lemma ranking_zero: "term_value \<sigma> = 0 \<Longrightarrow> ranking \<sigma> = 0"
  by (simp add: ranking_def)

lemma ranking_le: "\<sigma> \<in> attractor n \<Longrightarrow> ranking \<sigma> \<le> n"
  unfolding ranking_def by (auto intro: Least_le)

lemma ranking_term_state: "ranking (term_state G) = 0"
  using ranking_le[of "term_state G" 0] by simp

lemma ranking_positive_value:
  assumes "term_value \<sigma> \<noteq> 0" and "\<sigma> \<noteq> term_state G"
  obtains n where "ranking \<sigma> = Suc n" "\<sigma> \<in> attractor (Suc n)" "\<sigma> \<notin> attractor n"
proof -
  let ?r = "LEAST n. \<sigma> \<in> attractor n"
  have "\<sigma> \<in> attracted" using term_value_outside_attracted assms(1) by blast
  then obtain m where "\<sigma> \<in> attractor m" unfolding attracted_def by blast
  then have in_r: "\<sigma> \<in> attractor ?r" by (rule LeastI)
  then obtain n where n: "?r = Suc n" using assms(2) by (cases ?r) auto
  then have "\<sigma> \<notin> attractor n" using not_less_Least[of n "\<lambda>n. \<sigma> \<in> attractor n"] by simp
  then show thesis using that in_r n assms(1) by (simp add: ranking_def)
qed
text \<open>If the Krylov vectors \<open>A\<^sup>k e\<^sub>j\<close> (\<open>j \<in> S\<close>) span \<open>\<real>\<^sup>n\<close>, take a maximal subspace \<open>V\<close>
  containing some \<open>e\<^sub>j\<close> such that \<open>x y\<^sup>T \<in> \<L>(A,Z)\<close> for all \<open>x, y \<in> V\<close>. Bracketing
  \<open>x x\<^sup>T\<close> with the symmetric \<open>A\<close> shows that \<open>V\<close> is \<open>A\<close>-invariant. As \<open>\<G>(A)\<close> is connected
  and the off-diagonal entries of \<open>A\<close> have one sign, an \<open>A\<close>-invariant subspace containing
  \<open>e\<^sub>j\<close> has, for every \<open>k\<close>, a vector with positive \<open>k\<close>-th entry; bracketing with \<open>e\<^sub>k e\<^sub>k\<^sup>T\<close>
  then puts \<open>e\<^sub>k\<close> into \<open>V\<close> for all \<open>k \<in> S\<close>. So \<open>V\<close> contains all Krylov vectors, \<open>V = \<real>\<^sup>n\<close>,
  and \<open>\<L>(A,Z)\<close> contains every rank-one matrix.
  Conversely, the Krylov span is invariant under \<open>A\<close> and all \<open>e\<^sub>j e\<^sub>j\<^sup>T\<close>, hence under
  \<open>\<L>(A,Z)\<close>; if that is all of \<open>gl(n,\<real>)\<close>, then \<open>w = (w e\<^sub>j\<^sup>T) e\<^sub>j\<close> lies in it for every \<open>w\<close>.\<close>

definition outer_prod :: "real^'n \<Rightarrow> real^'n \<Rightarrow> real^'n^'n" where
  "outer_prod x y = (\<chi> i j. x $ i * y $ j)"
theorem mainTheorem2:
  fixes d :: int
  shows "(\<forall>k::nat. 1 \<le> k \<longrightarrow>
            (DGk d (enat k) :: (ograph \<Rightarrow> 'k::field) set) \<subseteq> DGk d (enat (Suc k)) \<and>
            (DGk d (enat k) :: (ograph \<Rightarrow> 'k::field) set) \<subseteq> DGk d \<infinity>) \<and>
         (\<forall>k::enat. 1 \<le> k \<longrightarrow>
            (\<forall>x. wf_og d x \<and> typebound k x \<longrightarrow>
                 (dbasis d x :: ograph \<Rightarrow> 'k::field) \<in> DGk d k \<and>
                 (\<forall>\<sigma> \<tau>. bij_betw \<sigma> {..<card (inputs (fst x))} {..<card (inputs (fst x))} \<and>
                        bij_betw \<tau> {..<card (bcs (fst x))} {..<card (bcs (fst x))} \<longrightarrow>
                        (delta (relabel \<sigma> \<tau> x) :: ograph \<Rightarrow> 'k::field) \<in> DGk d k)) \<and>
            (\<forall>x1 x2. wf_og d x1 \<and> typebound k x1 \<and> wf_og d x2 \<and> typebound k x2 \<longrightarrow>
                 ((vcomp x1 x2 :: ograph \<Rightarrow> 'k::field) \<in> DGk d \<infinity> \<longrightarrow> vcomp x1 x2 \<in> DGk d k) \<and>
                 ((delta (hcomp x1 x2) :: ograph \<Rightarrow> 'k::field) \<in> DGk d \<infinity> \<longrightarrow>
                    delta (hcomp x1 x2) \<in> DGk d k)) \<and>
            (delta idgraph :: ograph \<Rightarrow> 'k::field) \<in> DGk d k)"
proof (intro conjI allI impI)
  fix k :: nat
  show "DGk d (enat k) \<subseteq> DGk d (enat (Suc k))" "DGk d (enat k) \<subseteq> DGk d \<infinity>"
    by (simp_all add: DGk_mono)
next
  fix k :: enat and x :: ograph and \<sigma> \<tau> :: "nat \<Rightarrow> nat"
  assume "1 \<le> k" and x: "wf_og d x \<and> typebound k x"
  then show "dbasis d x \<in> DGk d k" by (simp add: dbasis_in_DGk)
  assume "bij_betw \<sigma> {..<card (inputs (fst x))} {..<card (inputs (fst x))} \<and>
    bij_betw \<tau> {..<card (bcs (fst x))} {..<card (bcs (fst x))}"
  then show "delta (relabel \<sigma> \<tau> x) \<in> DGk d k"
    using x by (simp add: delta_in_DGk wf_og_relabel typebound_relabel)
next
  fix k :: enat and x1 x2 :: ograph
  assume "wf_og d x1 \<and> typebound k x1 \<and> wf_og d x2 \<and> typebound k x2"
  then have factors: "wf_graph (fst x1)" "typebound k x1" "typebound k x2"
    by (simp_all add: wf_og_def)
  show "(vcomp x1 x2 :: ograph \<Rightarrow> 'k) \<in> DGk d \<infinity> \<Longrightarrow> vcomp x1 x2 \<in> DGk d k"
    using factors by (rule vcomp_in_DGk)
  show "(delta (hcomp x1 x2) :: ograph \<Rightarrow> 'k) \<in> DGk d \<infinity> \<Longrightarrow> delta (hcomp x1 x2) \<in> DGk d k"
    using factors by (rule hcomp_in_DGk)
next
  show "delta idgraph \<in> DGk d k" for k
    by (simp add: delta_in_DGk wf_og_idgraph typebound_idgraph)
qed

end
* * * * *
WORK TO BE COMPLETED: Would you output the entire listing exactly as written?

RESULT OF THIS TASK:
lemma ranking_zero: "term_value \<sigma> = 0 \<Longrightarrow> ranking \<sigma> = 0"
  by (simp add: ranking_def)

lemma ranking_le: "\<sigma> \<in> attractor n \<Longrightarrow> ranking \<sigma> \<le> n"
  unfolding ranking_def by (auto intro: Least_le)

lemma ranking_term_state: "ranking (term_state G) = 0"
  using ranking_le[of "term_state G" 0] by simp

lemma ranking_positive_value:
  assumes "term_value \<sigma> \<noteq> 0" and "\<sigma> \<noteq> term_state G"
  obtains n where "ranking \<sigma> = Suc n" "\<sigma> \<in> attractor (Suc n)" "\<sigma> \<notin> attractor n"
proof -
  let ?r = "LEAST n. \<sigma> \<in> attractor n"
  have "\<sigma> \<in> attracted" using term_value_outside_attracted assms(1) by blast
  then obtain m where "\<sigma> \<in> attractor m" unfolding attracted_def by blast
  then have in_r: "\<sigma> \<in> attractor ?r" by (rule LeastI)
  then obtain n where n: "?r = Suc n" using assms(2) by (cases ?r) auto
  then have "\<sigma> \<notin> attractor n" using not_less_Least[of n "\<lambda>n. \<sigma> \<in> attractor n"] by simp
  then show thesis using that in_r n assms(1) by (simp add: ranking_def)
qed
text \<open>If the Krylov vectors \<open>A\<^sup>k e\<^sub>j\<close> (\<open>j \<in> S\<close>) span \<open>\<real>\<^sup>n\<close>, take a maximal subspace \<open>V\<close>
  containing some \<open>e\<^sub>j\<close> such that \<open>x y\<^sup>T \<in> \<L>(A,Z)\<close> for all \<open>x, y \<in> V\<close>. Bracketing
  \<open>x x\<^sup>T\<close> with the symmetric \<open>A\<close> shows that \<open>V\<close> is \<open>A\<close>-invariant. As \<open>\<G>(A)\<close> is connected
  and the off-diagonal entries of \<open>A\<close> have one sign, an \<open>A\<close>-invariant subspace containing
  \<open>e\<^sub>j\<close> has, for every \<open>k\<close>, a vector with positive \<open>k\<close>-th entry; bracketing with \<open>e\<^sub>k e\<^sub>k\<^sup>T\<close>
  then puts \<open>e\<^sub>k\<close> into \<open>V\<close> for all \<open>k \<in> S\<close>. So \<open>V\<close> contains all Krylov vectors, \<open>V = \<real>\<^sup>n\<close>,
  and \<open>\<L>(A,Z)\<close> contains every rank-one matrix.
  Conversely, the Krylov span is invariant under \<open>A\<close> and all \<open>e\<^sub>j e\<^sub>j\<^sup>T\<close>, hence under
  \<open>\<L>(A,Z)\<close>; if that is all of \<open>gl(n,\<real>)\<close>, then \<open>w = (w e\<^sub>j\<^sup>T) e\<^sub>j\<close> lies in it for every \<open>w\<close>.\<close>

definition outer_prod :: "real^'n \<Rightarrow> real^'n \<Rightarrow> real^'n^'n" where
  "outer_prod x y = (\<chi> i j. x $ i * y $ j)"
theorem mainTheorem2:
  fixes d :: int
  shows "(\<forall>k::nat. 1 \<le> k \<longrightarrow>
            (DGk d (enat k) :: (ograph \<Rightarrow> 'k::field) set) \<subseteq> DGk d (enat (Suc k)) \<and>
            (DGk d (enat k) :: (ograph \<Rightarrow> 'k::field) set) \<subseteq> DGk d \<infinity>) \<and>
         (\<forall>k::enat. 1 \<le> k \<longrightarrow>
            (\<forall>x. wf_og d x \<and> typebound k x \<longrightarrow>
                 (dbasis d x :: ograph \<Rightarrow> 'k::field) \<in> DGk d k \<and>
                 (\<forall>\<sigma> \<tau>. bij_betw \<sigma> {..<card (inputs (fst x))} {..<card (inputs (fst x))} \<and>
                        bij_betw \<tau> {..<card (bcs (fst x))} {..<card (bcs (fst x))} \<longrightarrow>
                        (delta (relabel \<sigma> \<tau> x) :: ograph \<Rightarrow> 'k::field) \<in> DGk d k)) \<and>
            (\<forall>x1 x2. wf_og d x1 \<and> typebound k x1 \<and> wf_og d x2 \<and> typebound k x2 \<longrightarrow>
                 ((vcomp x1 x2 :: ograph \<Rightarrow> 'k::field) \<in> DGk d \<infinity> \<longrightarrow> vcomp x1 x2 \<in> DGk d k) \<and>
                 ((delta (hcomp x1 x2) :: ograph \<Rightarrow> 'k::field) \<in> DGk d \<infinity> \<longrightarrow>
                    delta (hcomp x1 x2) \<in> DGk d k)) \<and>
            (delta idgraph :: ograph \<Rightarrow> 'k::field) \<in> DGk d k)"
proof (intro conjI allI impI)
  fix k :: nat
  show "DGk d (enat k) \<subseteq> DGk d (enat (Suc k))" "DGk d (enat k) \<subseteq> DGk d \<infinity>"
    by (simp_all add: DGk_mono)
next
  fix k :: enat and x :: ograph and \<sigma> \<tau> :: "nat \<Rightarrow> nat"
  assume "1 \<le> k" and x: "wf_og d x \<and> typebound k x"
  then show "dbasis d x \<in> DGk d k" by (simp add: dbasis_in_DGk)
  assume "bij_betw \<sigma> {..<card (inputs (fst x))} {..<card (inputs (fst x))} \<and>
    bij_betw \<tau> {..<card (bcs (fst x))} {..<card (bcs (fst x))}"
  then show "delta (relabel \<sigma> \<tau> x) \<in> DGk d k"
    using x by (simp add: delta_in_DGk wf_og_relabel typebound_relabel)
next
  fix k :: enat and x1 x2 :: ograph
  assume "wf_og d x1 \<and> typebound k x1 \<and> wf_og d x2 \<and> typebound k x2"
  then have factors: "wf_graph (fst x1)" "typebound k x1" "typebound k x2"
    by (simp_all add: wf_og_def)
  show "(vcomp x1 x2 :: ograph \<Rightarrow> 'k) \<in> DGk d \<infinity> \<Longrightarrow> vcomp x1 x2 \<in> DGk d k"
    using factors by (rule vcomp_in_DGk)
  show "(delta (hcomp x1 x2) :: ograph \<Rightarrow> 'k) \<in> DGk d \<infinity> \<Longrightarrow> delta (hcomp x1 x2) \<in> DGk d k"
    using factors by (rule hcomp_in_DGk)
next
  show "delta idgraph \<in> DGk d k" for k
    by (simp add: delta_in_DGk wf_og_idgraph typebound_idgraph)
qed

end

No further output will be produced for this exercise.